What the task asks
After locating the line containing "then -1 else", transcribe that line and all following lines exactly, stopping only at the end of the records.

Records supplied
section \<open>Self-adjoint operators\<close>

lemma adjoint_iff: "(g,h) \<in> adjoint T \<longleftrightarrow> (\<forall>f k. (f,k) \<in> T \<longrightarrow> cinner k g = cinner f h)"
  unfolding adjoint_def by (simp add: Ball_def split_paired_All)

lemma adjoint_closed: "closed (adjoint (T::('a::complex_inner) op))"
proof -
  have eq: "adjoint T = (\<Inter>p\<in>T. {q. cinner (snd p) (fst q) = cinner (fst p) (snd q)})"
  proof (rule set_eqI)
    fix q :: "'a \<times> 'a"
    show "q \<in> adjoint T \<longleftrightarrow> q \<in> (\<Inter>p\<in>T. {q. cinner (snd p) (fst q) = cinner (fst p) (snd q)})"
      by (cases q) (simp add: adjoint_def case_prod_beta)
  qed
  show ?thesis unfolding eq
  proof (intro closed_INT ballI closed_Collect_eq)
    fix p :: "'a \<times> 'a"
    show "continuous_on UNIV (\<lambda>q::'a\<times>'a. cinner (snd p) (fst q))"
      by (intro linear_continuous_on bounded_linear_compose[OF bounded_linear_cinner_right bounded_linear_fst])
    show "continuous_on UNIV (\<lambda>q::'a\<times>'a. cinner (fst p) (snd q))"
      by (intro linear_continuous_on bounded_linear_compose[OF bounded_linear_cinner_right bounded_linear_snd])
  qed
qed

lemma self_adjoint_closed: "self_adjoint T \<Longrightarrow> closed (T::('a::complex_inner) op)"
  unfolding self_adjoint_def by (metis adjoint_closed)

lemma adjoint_zero: "(0, 0) \<in> adjoint (T::('a::complex_inner) op)"
  unfolding adjoint_iff by simp

lemma adjoint_add:
  "(f1, g1) \<in> adjoint T \<Longrightarrow> (f2, g2) \<in> adjoint T \<Longrightarrow> (f1 + f2, g1 + g2) \<in> adjoint (T::('a::complex_inner) op)"
  unfolding adjoint_iff by (simp add: cinner_add_right)

lemma adjoint_diff:
  "(f1, g1) \<in> adjoint T \<Longrightarrow> (f2, g2) \<in> adjoint T \<Longrightarrow> (f1 - f2, g1 - g2) \<in> adjoint (T::('a::complex_inner) op)"
  unfolding adjoint_iff by (simp add: cinner_diff_right)

lemma adjoint_scaleC:
  "(f, g) \<in> adjoint T \<Longrightarrow> (scaleC c f, scaleC c g) \<in> adjoint (T::('a::complex_inner) op)"
  unfolding adjoint_iff by (simp add: cinner_scaleC_right)

lemma self_adjoint_zero: "self_adjoint T \<Longrightarrow> (0, 0) \<in> (T::('a::complex_inner) op)"
  unfolding self_adjoint_def by (metis adjoint_zero)

lemma self_adjoint_add:
  "self_adjoint T \<Longrightarrow> (f1, g1) \<in> T \<Longrightarrow> (f2, g2) \<in> T \<Longrightarrow> (f1 + f2, g1 + g2) \<in> (T::('a::complex_inner) op)"
  unfolding self_adjoint_def by (metis adjoint_add)

lemma self_adjoint_diff:
  "self_adjoint T \<Longrightarrow> (f1, g1) \<in> T \<Longrightarrow> (f2, g2) \<in> T \<Longrightarrow> (f1 - f2, g1 - g2) \<in> (T::('a::complex_inner) op)"
  unfolding self_adjoint_def by (metis adjoint_diff)

lemma self_adjoint_scaleC:
  "self_adjoint T \<Longrightarrow> (f, g) \<in> T \<Longrightarrow> (scaleC c f, scaleC c g) \<in> (T::('a::complex_inner) op)"
  unfolding self_adjoint_def by (metis adjoint_scaleC)

lemma self_adjoint_symmetric:
  "self_adjoint T \<Longrightarrow> (f, g) \<in> T \<Longrightarrow> (f', g') \<in> T \<Longrightarrow> cinner g f' = cinner f (g'::'a::complex_inner)"
  unfolding self_adjoint_def by (metis adjoint_iff)

lemma self_adjoint_norm_plus_i:
  assumes "self_adjoint A" "(f, g) \<in> A"
  shows "norm (g + scaleC \<i> f) ^ 2 = norm g ^ 2 + norm (f::'a::complex_inner) ^ 2"
proof -
  have "cinner g f = cnj (cinner g f)"
    using self_adjoint_symmetric[OF assms(1,2,2)] cinner_commute[of f g] by simp
  hence "Im (cinner g f) = 0" by (metis cnj.simps(2) neg_equal_zero)
  hence "Re (cinner g (scaleC \<i> f)) = 0" by (simp add: cinner_scaleC_right)
  thus ?thesis by (simp add: norm_add_sq norm_scaleC)
qed

lemma self_adjoint_norm_le_plus_i:
  assumes "self_adjoint A" "(f, g) \<in> A"
  shows "norm f \<le> norm (g + scaleC \<i> f)" "norm g \<le> norm (g + scaleC \<i> (f::'a::complex_inner))"
  using self_adjoint_norm_plus_i[OF assms] by (auto intro: power2_le_imp_le)

lemma self_adjoint_closed_range_plus_i:
  fixes A :: "('a::{complex_inner,complete_space}) op"
  assumes sa: "self_adjoint A"
  shows "closed {g + scaleC \<i> f | f g. (f, g) \<in> A}" (is "closed ?M")
  unfolding closed_sequential_limits
proof (intro allI impI, elim conjE)
  fix y l assume yM: "\<forall>n. y n \<in> ?M" and yl: "y \<longlonglongrightarrow> l"
  have "\<forall>n. \<exists>f g. (f, g) \<in> A \<and> y n = g + scaleC \<i> f" using yM by blast
  then obtain F G where FG: "\<And>n. (F n, G n) \<in> A" and yFG: "\<And>n. y n = G n + scaleC \<i> (F n)"
    by metis
  \<comment> \<open>\<open>A + i\<close> is bounded below, so the preimages of a Cauchy sequence form Cauchy sequences\<close>
  have dist_le: "dist (F n) (F k) \<le> dist (y n) (y k) \<and> dist (G n) (G k) \<le> dist (y n) (y k)" for n k
  proof -
    have "y n - y k = (G n - G k) + scaleC \<i> (F n - F k)"
      by (simp add: yFG scaleC_diff_right algebra_simps)
    thus ?thesis
      using self_adjoint_norm_le_plus_i[OF sa self_adjoint_diff[OF sa FG FG]] by (simp add: dist_norm)
  qed
  have Cy: "Cauchy y" using yl by (rule LIMSEQ_imp_Cauchy)
  have "Cauchy F" "Cauchy G" using Cauchy_dominated[OF Cy] dist_le by blast+
  then obtain F0 G0 where F0: "F \<longlonglongrightarrow> F0" and G0: "G \<longlonglongrightarrow> G0"
    using Cauchy_convergent convergent_def by metis
  have "(\<lambda>n. (F n, G n)) \<longlonglongrightarrow> (F0, G0)" using F0 G0 by (rule tendsto_Pair)
  hence inA: "(F0, G0) \<in> A"
    by (rule closed_sequentially[OF self_adjoint_closed[OF sa], rotated]) (simp add: FG)
  have "(\<lambda>n. G n + scaleC \<i> (F n)) \<longlonglongrightarrow> G0 + scaleC \<i> F0"
    by (intro tendsto_add G0 bounded_linear.tendsto[OF bounded_linear_scaleC] F0)
  moreover have "y = (\<lambda>n. G n + scaleC \<i> (F n))" using yFG by blast
  ultimately have "y \<longlonglongrightarrow> G0 + scaleC \<i> F0" by simp
  hence "l = G0 + scaleC \<i> F0" using yl LIMSEQ_unique by blast
  thus "l \<in> ?M" using inA by blast
qed

lemma self_adjoint_range_plus_i:
  fixes A :: "('a::{complex_inner,complete_space}) op"
  assumes sa: "self_adjoint A"
  shows "\<exists>f g. (f, g) \<in> A \<and> g + scaleC \<i> f = w"
proof -
  define M where "M = {g + scaleC \<i> f | f g. (f, g) \<in> A}"
  have inM: "\<And>f g. (f, g) \<in> A \<Longrightarrow> g + scaleC \<i> f \<in> M" by (auto simp: M_def)
  have M_add: "a + b \<in> M" if ab: "a \<in> M" "b \<in> M" for a b
  proof -
    obtain f1 g1 f2 g2 where "(f1, g1) \<in> A" "(f2, g2) \<in> A"
      and "a = g1 + scaleC \<i> f1" "b = g2 + scaleC \<i> f2"
      using ab unfolding M_def by blast
    thus ?thesis
      using inM[OF self_adjoint_add[OF sa]] by (simp add: scaleC_add_right algebra_simps)
  qed
  have M_scaleC: "scaleC c a \<in> M" if a: "a \<in> M" for a c
  proof -
    obtain f g where fg: "(f, g) \<in> A" "a = g + scaleC \<i> f" using a unfolding M_def by blast
    have "scaleC c g + scaleC \<i> (scaleC c f) = scaleC c a"
      by (simp add: fg(2) scaleC_add_right scaleC_scaleC mult.commute)
    thus ?thesis using inM[OF self_adjoint_scaleC[OF sa fg(1)]] by metis
  qed
  have "\<exists>m\<in>M. \<forall>y\<in>M. Re (cinner (w - m) y) = 0"
  proof (rule closed_subspace_orthogonal_projection)
    show "closed M" unfolding M_def by (rule self_adjoint_closed_range_plus_i[OF sa])
    show "0 \<in> M" using inM[OF self_adjoint_zero[OF sa]] by simp
  qed (simp_all add: M_add M_scaleC scaleR_scaleC)
  then obtain m where mM: "m \<in> M" and orth: "\<forall>y\<in>M. Re (cinner (w - m) y) = 0"
    by blast
  define z where "z = w - m"
  \<comment> \<open>\<open>z\<close> is orthogonal to the range of \<open>A + i\<close>, i.e. \<open>A z = i z\<close>, which forces \<open>z = 0\<close>\<close>
  have "(z, scaleC \<i> z) \<in> adjoint A"
    unfolding adjoint_iff
  proof (intro allI impI)
    fix f k assume fk: "(f, k) \<in> A"
    define u where "u = k + scaleC \<i> f"
    have uM: "u \<in> M" using inM[OF fk] by (simp add: u_def)
    have "Re (cinner z u) = 0" "Re (cinner z (scaleC \<i> u)) = 0"
      using orth uM M_scaleC[OF uM] by (simp_all add: z_def)
    hence "cinner z u = 0" by (simp add: cinner_scaleC_right complex_eq_iff)
    hence "cinner z k = - (\<i> * cinner z f)"
      by (simp add: u_def cinner_add_right cinner_scaleC_right add_eq_0_iff)
    hence "cinner k z = cnj (- (\<i> * cinner z f))" by (metis cinner_commute)
    also have "\<dots> = \<i> * cinner f z" using cinner_commute[of f z] by simp
    finally show "cinner k z = cinner f (scaleC \<i> z)" by (simp add: cinner_scaleC_right)
  qed
  hence zA: "(z, scaleC \<i> z) \<in> A" using sa by (simp add: self_adjoint_def)
  have "- \<i> * cinner z z = \<i> * cinner z z"
    using self_adjoint_symmetric[OF sa zA zA] by (simp add: cinner_scaleC_left cinner_scaleC_right)
  hence "z = 0" by (simp add: cinner_eq_zero)
  thus ?thesis using mM by (auto simp: M_def z_def)
qed
lemma JM_square_eigenvalue_neg:
  assumes M: "sym_pos_def (2 * n) M" and z: "z \<in> carrier_vec (2 * n)" and z_ne: "z \<noteq> 0\<^sub>v (2 * n)"
    and eig: "Jmat n *\<^sub>v (M *\<^sub>v (Jmat n *\<^sub>v (M *\<^sub>v z))) = l \<cdot>\<^sub>v z"
  shows "l < 0"
proof -
  note Mc = sym_pos_defD(1)[OF M]
  let ?w = "Jmat n *\<^sub>v (M *\<^sub>v z)"
  have Mz: "M *\<^sub>v z \<in> carrier_vec (2 * n)" and w: "?w \<in> carrier_vec (2 * n)"
    using Mc z by simp_all
  have w_ne: "?w \<noteq> 0\<^sub>v (2 * n)" using JM_mult_vec_eq_zero_iff[OF M z] z_ne by simp
  have "?w \<bullet> (M *\<^sub>v ?w) = - l * (?w \<bullet> (Jmat n *\<^sub>v z))"
    unfolding M_JM_of_JM_square_eigenvector[OF Mc z eig] using w z by simp
  also have "?w \<bullet> (Jmat n *\<^sub>v z) = z \<bullet> (M *\<^sub>v z)"
    using Jmat_scalar_prod_Jmat[OF Mz z] comm_scalar_prod[OF Mz z] by simp
  finally have "0 < - l * (z \<bullet> (M *\<^sub>v z))"
    using sym_pos_defD(3)[OF M w w_ne] by simp
  then show ?thesis
    using sym_pos_defD(3)[OF M z z_ne] by (simp add: mult_less_0_iff)
qed

lemma symp_eigenpair_of_JM_square_eigenvector:
  assumes M: "sym_pos_def (2 * n) M" and z: "z \<in> carrier_vec (2 * n)" and z_ne: "z \<noteq> 0\<^sub>v (2 * n)"
    and eig: "Jmat n *\<^sub>v (M *\<^sub>v (Jmat n *\<^sub>v (M *\<^sub>v z))) = l \<cdot>\<^sub>v z"
  obtains \<alpha> \<beta> e where "0 < e"
    "M *\<^sub>v (\<alpha> \<cdot>\<^sub>v z) = e \<cdot>\<^sub>v (Jmat n *\<^sub>v (\<beta> \<cdot>\<^sub>v (Jmat n *\<^sub>v (M *\<^sub>v z))))"
    "M *\<^sub>v (\<beta> \<cdot>\<^sub>v (Jmat n *\<^sub>v (M *\<^sub>v z))) = (- e) \<cdot>\<^sub>v (Jmat n *\<^sub>v (\<alpha> \<cdot>\<^sub>v z))"
    "(\<alpha> \<cdot>\<^sub>v z) \<bullet> (Jmat n *\<^sub>v (\<beta> \<cdot>\<^sub>v (Jmat n *\<^sub>v (M *\<^sub>v z)))) = 1"
proof -
  note Mc = sym_pos_defD(1)[OF M]
  define q where "q = z \<bullet> (M *\<^sub>v z)"
  define e where "e = sqrt (- l)"
  define \<alpha> where "\<alpha> = sqrt (e / q)"
  define w where "w = Jmat n *\<^sub>v (M *\<^sub>v z)"
  define u where "u = \<alpha> \<cdot>\<^sub>v z"
  define v where "v = (- \<alpha> / e) \<cdot>\<^sub>v w"
  have Mz: "M *\<^sub>v z \<in> carrier_vec (2 * n)" and w: "w \<in> carrier_vec (2 * n)"
    using Mc z by (simp_all add: w_def)
  have q: "0 < q" unfolding q_def using sym_pos_defD(3)[OF M z z_ne] .
  have l: "l < 0" by (rule JM_square_eigenvalue_neg[OF M z z_ne eig])
  then have e: "0 < e" unfolding e_def by simp
  have l_ee: "l = - (e * e)" unfolding e_def using l by simp
  have \<alpha>\<alpha>: "\<alpha> * \<alpha> = e / q" unfolding \<alpha>_def using e q by simp
  have Mw: "M *\<^sub>v w = (- l) \<cdot>\<^sub>v (Jmat n *\<^sub>v z)"
    unfolding w_def by (rule M_JM_of_JM_square_eigenvector[OF Mc z eig])
  have Jw: "Jmat n *\<^sub>v w = - (M *\<^sub>v z)"
    unfolding w_def by (rule Jmat_mult_Jmat_vec[OF Mz])
  have "M *\<^sub>v u = e \<cdot>\<^sub>v (Jmat n *\<^sub>v v)"
    unfolding u_def v_def using e z w Mz Jw
    by (intro eq_vecI) (auto simp: mult_mat_vec[OF Mc] mult_mat_vec[OF Jmat_carrier])
  moreover have "M *\<^sub>v v = (- e) \<cdot>\<^sub>v (Jmat n *\<^sub>v u)"
    unfolding u_def v_def using e z w Mw
    by (intro eq_vecI) (auto simp: mult_mat_vec[OF Mc] mult_mat_vec[OF Jmat_carrier] l_ee)
  moreover have "u \<bullet> (Jmat n *\<^sub>v v) = \<alpha> * \<alpha> / e * q"
    unfolding u_def v_def using z w Mz Jw carrier_vecD[OF Mz]
    by (simp add: mult_mat_vec[OF Jmat_carrier] q_def)
  then have "u \<bullet> (Jmat n *\<^sub>v v) = 1"
    using \<alpha>\<alpha> e q by simp
  ultimately show ?thesis
    using that e unfolding u_def v_def w_def by blast
qed

section \<open>Extending symplectic eigenvector pairs\<close>

(* The pairs (U i, V i), i < m, play the role of the column pairs (s_i, s_(n+i)) of a
   symplectic S with S^T M S = diag(D, D), D = diag(d_0, ..., d_(n-1)). *)
locale symp_eigen_family =
  fixes n :: nat and M :: "real mat" and m :: nat
    and U V :: "nat \<Rightarrow> real vec" and d :: "nat \<Rightarrow> real"
  assumes spd: "sym_pos_def (2 * n) M"
    and U_carrier: "\<And>i. i < m \<Longrightarrow> U i \<in> carrier_vec (2 * n)"
    and V_carrier: "\<And>i. i < m \<Longrightarrow> V i \<in> carrier_vec (2 * n)"
    and M_U: "\<And>i. i < m \<Longrightarrow> M *\<^sub>v U i = d i \<cdot>\<^sub>v (Jmat n *\<^sub>v V i)"
    and M_V: "\<And>i. i < m \<Longrightarrow> M *\<^sub>v V i = (- d i) \<cdot>\<^sub>v (Jmat n *\<^sub>v U i)"
    and U_J_U: "\<And>i j. i < m \<Longrightarrow> j < m \<Longrightarrow> U i \<bullet> (Jmat n *\<^sub>v U j) = 0"
    and V_J_V: "\<And>i j. i < m \<Longrightarrow> j < m \<Longrightarrow> V i \<bullet> (Jmat n *\<^sub>v V j) = 0"
    and U_J_V: "\<And>i j. i < m \<Longrightarrow> j < m \<Longrightarrow> U i \<bullet> (Jmat n *\<^sub>v V j) = (if i = j then 1 else 0)"
begin

lemma M_carrier: "M \<in> carrier_mat (2 * n) (2 * n)"
  using sym_pos_defD(1)[OF spd] .

lemma V_J_U: "i < m \<Longrightarrow> j < m \<Longrightarrow> V i \<bullet> (Jmat n *\<^sub>v U j) = (if i = j then -1 else 0)"
  using Jmat_scalar_prod_antisym[OF V_carrier U_carrier] U_J_V by simp

lemma M_U_scalar_prod:
  "i < m \<Longrightarrow> x \<in> carrier_vec (2 * n) \<Longrightarrow> (M *\<^sub>v U i) \<bullet> x = d i * (x \<bullet> (Jmat n *\<^sub>v V i))"
  using M_U comm_scalar_prod[of x "2 * n" "Jmat n *\<^sub>v V i"] V_carrier by simp

lemma M_V_scalar_prod:
  "i < m \<Longrightarrow> x \<in> carrier_vec (2 * n) \<Longrightarrow> (M *\<^sub>v V i) \<bullet> x = - d i * (x \<bullet> (Jmat n *\<^sub>v U i))"
  using M_V comm_scalar_prod[of x "2 * n" "Jmat n *\<^sub>v U i"] U_carrier by simp

lemma d_pos: "i < m \<Longrightarrow> 0 < d i"
proof -
  assume i: "i < m"
  have "U i \<bullet> (M *\<^sub>v U i) = d i"
    using M_U[OF i] U_J_V[OF i i] U_carrier[OF i] V_carrier[OF i] by simp
  moreover have "U i \<noteq> 0\<^sub>v (2 * n)"
    using U_J_V[OF i i] V_carrier[OF i] by auto
  ultimately show ?thesis
    using sym_pos_defD(3)[OF spd U_carrier[OF i]] by simp
qed

lemma JM_U:
  assumes i: "i < m"
  shows "Jmat n *\<^sub>v (M *\<^sub>v U i) = (- d i) \<cdot>\<^sub>v V i"
proof -
  have "Jmat n *\<^sub>v (M *\<^sub>v U i) = d i \<cdot>\<^sub>v (- V i)"
    using M_U[OF i] V_carrier[OF i] by (simp add: mult_mat_vec[OF Jmat_carrier] Jmat_mult_Jmat_vec)
  then show ?thesis
    using V_carrier[OF i] by (intro eq_vecI) auto
qed

lemma JM_V:
  assumes i: "i < m"
  shows "Jmat n *\<^sub>v (M *\<^sub>v V i) = d i \<cdot>\<^sub>v U i"
proof -
  have "Jmat n *\<^sub>v (M *\<^sub>v V i) = (- d i) \<cdot>\<^sub>v (- U i)"
    using M_V[OF i] U_carrier[OF i] by (simp add: mult_mat_vec[OF Jmat_carrier] Jmat_mult_Jmat_vec)
  then show ?thesis
    using U_carrier[OF i] by (intro eq_vecI) auto
qed

definition in_symp_complement :: "real vec \<Rightarrow> bool" where
  "in_symp_complement x \<longleftrightarrow> x \<in> carrier_vec (2 * n) \<and>
     (\<forall>i<m. x \<bullet> (Jmat n *\<^sub>v U i) = 0 \<and> x \<bullet> (Jmat n *\<^sub>v V i) = 0)"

Expected answer
lemma V_J_U: "i < m \<Longrightarrow> j < m \<Longrightarrow> V i \<bullet> (Jmat n *\<^sub>v U j) = (if i = j then -1 else 0)"
  using Jmat_scalar_prod_antisym[OF V_carrier U_carrier] U_J_V by simp

lemma M_U_scalar_prod:
  "i < m \<Longrightarrow> x \<in> carrier_vec (2 * n) \<Longrightarrow> (M *\<^sub>v U i) \<bullet> x = d i * (x \<bullet> (Jmat n *\<^sub>v V i))"
  using M_U comm_scalar_prod[of x "2 * n" "Jmat n *\<^sub>v V i"] V_carrier by simp

lemma M_V_scalar_prod:
  "i < m \<Longrightarrow> x \<in> carrier_vec (2 * n) \<Longrightarrow> (M *\<^sub>v V i) \<bullet> x = - d i * (x \<bullet> (Jmat n *\<^sub>v U i))"
  using M_V comm_scalar_prod[of x "2 * n" "Jmat n *\<^sub>v U i"] U_carrier by simp

lemma d_pos: "i < m \<Longrightarrow> 0 < d i"
proof -
  assume i: "i < m"
  have "U i \<bullet> (M *\<^sub>v U i) = d i"
    using M_U[OF i] U_J_V[OF i i] U_carrier[OF i] V_carrier[OF i] by simp
  moreover have "U i \<noteq> 0\<^sub>v (2 * n)"
    using U_J_V[OF i i] V_carrier[OF i] by auto
  ultimately show ?thesis
    using sym_pos_defD(3)[OF spd U_carrier[OF i]] by simp
qed

lemma JM_U:
  assumes i: "i < m"
  shows "Jmat n *\<^sub>v (M *\<^sub>v U i) = (- d i) \<cdot>\<^sub>v V i"
proof -
  have "Jmat n *\<^sub>v (M *\<^sub>v U i) = d i \<cdot>\<^sub>v (- V i)"
    using M_U[OF i] V_carrier[OF i] by (simp add: mult_mat_vec[OF Jmat_carrier] Jmat_mult_Jmat_vec)
  then show ?thesis
    using V_carrier[OF i] by (intro eq_vecI) auto
qed

lemma JM_V:
  assumes i: "i < m"
  shows "Jmat n *\<^sub>v (M *\<^sub>v V i) = d i \<cdot>\<^sub>v U i"
proof -
  have "Jmat n *\<^sub>v (M *\<^sub>v V i) = (- d i) \<cdot>\<^sub>v (- U i)"
    using M_V[OF i] U_carrier[OF i] by (simp add: mult_mat_vec[OF Jmat_carrier] Jmat_mult_Jmat_vec)
  then show ?thesis
    using U_carrier[OF i] by (intro eq_vecI) auto
qed

definition in_symp_complement :: "real vec \<Rightarrow> bool" where
  "in_symp_complement x \<longleftrightarrow> x \<in> carrier_vec (2 * n) \<and>
     (\<forall>i<m. x \<bullet> (Jmat n *\<^sub>v U i) = 0 \<and> x \<bullet> (Jmat n *\<^sub>v V i) = 0)"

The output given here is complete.